Но у меня всегда было главное. И в главном я был очень счастлив.
Глава II
СЫН
В это время здесь катаются только командировочные, дети и мухи. Для купанья холодно. Пляжники в «Пильзене» попивают пиво. И опять же расписание. Через двадцать минут отправляется в сторону Каменного моста, в Кунцево, в Фили. Но это не помешало ей попасть именно на этот пароходишко, да еще на корму, да на пустую скамейку, да еще взглянуть на меня, а потом еще раз взглянуть.
Именно в пасмурную погоду бывают солнечные удары.
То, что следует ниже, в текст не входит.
(* Let $\mathbf{m}=\{1,\dots,m\}$ for $m=2,3,4,5$. Suppose given: for each $m\in\{2,3,4,5\}$ a category $\mathcal{C}_{\mathbf m}$ with a functor $\otimes_{\mathbf m}:\mathcal{C}_{\mathbf m}\times\mathcal{C}_{\mathbf m}\to\mathcal{C}_{\mathbf m}$ and an associativity constraint $\alpha_{\mathbf m}$; and for each order-preserving injection $\lambda:\mathbf l\to\mathbf m$ with $l<m$, $m\in\{3,4,5\}$, a faithful functor $F_\lambda:\mathcal{C}_{\mathbf l}\to\mathcal{C}_{\mathbf m}$ that strictly respects the operations and associativity constraints (i.e. $F_\lambda(A\otimes B)=F_\lambda A\otimes F_\lambda B$, similarly on morphisms, and $F_\lambda(\alpha_{\mathbf l})=\alpha_{\mathbf m}$), such that $F_{\tau\circ\sigma}=F_\tau\circ F_\sigma$ whenever defined. For $1\le i<j\le m$ write $F_{ji}$ for $F_\lambda$ with $\lambda:\mathbf 2\to\mathbf m$, $\lambda(1)=i,\lambda(2)=j$. Let $P\in\mathcal{C}_{\mathbf 2}$ with an isomorphism $\theta:F_{32}(P)\otimes_{\mathbf 3}F_{21}(P)\to F_{31}(P)$ in $\mathcal{C}_{\mathbf 3}$; in any $\mathcal{C}_{\mathbf m}$ write $P_{ji}=F_{ji}(P)$ and $\theta_{kji}:P_{kj}\otimes P_{ji}\to P_{ki}$ ($i<j<k$) for the image of $\theta$ under the functor induced by the embedding $\mathbf 3\to\mathbf m$ with image $\{i,j,k\}$. Let $C$ be the automorphism of $P_{41}$ in $\mathcal{C}_{\mathbf 4}$ defined by $$C=\theta_{431}\circ(\mathrm{id}_{P_{43}}\otimes\theta_{321})\circ\alpha_{\mathbf 4}\circ(\theta_{432}\otimes\mathrm{id}_{P_{21}})^{-1}\circ\theta_{421}^{-1}.$$ For a $4$-element subset $S=\{a<b<c<d\}\subseteq\mathbf 5$ let $C_S$ be the image of $C$ in $\mathcal{C}_{\mathbf 5}$ under the functor of the embedding $\mathbf 4\to\mathbf 5$ with image $S$ (an automorphism of $P_{da}$). Assume the analogue of the hypothesis of the idempotent theorem: the five automorphisms of $P_{51}$ $$C_{\{1,2,3,5\}},\; C_{\{1,2,4,5\}},\; C_{\{1,3,4,5\}},\; \theta_{521}\circ(C_{\{2,3,4,5\}}\otimes\mathrm{id}_{P_{21}})\circ\theta_{521}^{-1},\; \theta_{541}\circ(\mathrm{id}_{P_{54}}\otimes C_{\{1,2,3,4\}})\circ\theta_{541}^{-1}$$ all coincide. Then $C=\mathrm{id}_{P_{41}}$.
   Context: An associativity constraint for a functor $\otimes$ on a category is a natural isomorphism $\alpha_{A,B,C}:(A\otimes B)\otimes C\to A\otimes(B\otimes C)$ satisfying the pentagon axiom $(\mathrm{id}_A\otimes\alpha_{B,C,D})\circ\alpha_{A,B\otimes C,D}\circ(\alpha_{A,B,C}\otimes\mathrm{id}_D)=\alpha_{A,B,C\otimes D}\circ\alpha_{A\otimes B,C,D}$. The pair $(P,\theta)$ is called an $F_\bullet$-idempotent, and $\theta$ is called compatible with $\alpha_\bullet$ if $C=\mathrm{id}$. *)

theory Defs
  imports Main
begin

record ('o, 'a) cat =
  Obj  :: "'o set"
  Arr  :: "'a set"
  Dom  :: "'a \<Rightarrow> 'o"
  Cod  :: "'a \<Rightarrow> 'o"
  Idt  :: "'o \<Rightarrow> 'a"
  Comp :: "'a \<Rightarrow> 'a \<Rightarrow> 'a"   (* Comp C g f = g \<circ> f, meaningful when Cod f = Dom g *)

definition hom :: "('o, 'a) cat \<Rightarrow> 'o \<Rightarrow> 'o \<Rightarrow> 'a set" where
  "hom C A B = {f \<in> Arr C. Dom C f = A \<and> Cod C f = B}"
Я человек добропорядочный, утомленный семьей, ремеслом и телевизором, дисциплинированный квартиросъемщик, я забыл, что такое бывает. И опять мы переглядываемся, как два идиота, и тут же независимо отворачиваемся. И теперь не будем смотреть друг на друга до следующей остановки. Я уж эти штучки знаю! Добропорядочность и воспитание. А что она подумает, и что соседи, и что милиция. Мама моя, влипнуть с первого взгляда! Фантазия! Двадцать пять лет мне вбивали правила поведения в общественных местах. Но как подойти? «Разрешите, гражданка почтенная, одинокий нарушить покой»? Спросить, сколько времени, какая следующая станция, какой сегодня день, по какой реке мы плывем? Ну? Или просто, откуда она свалилась?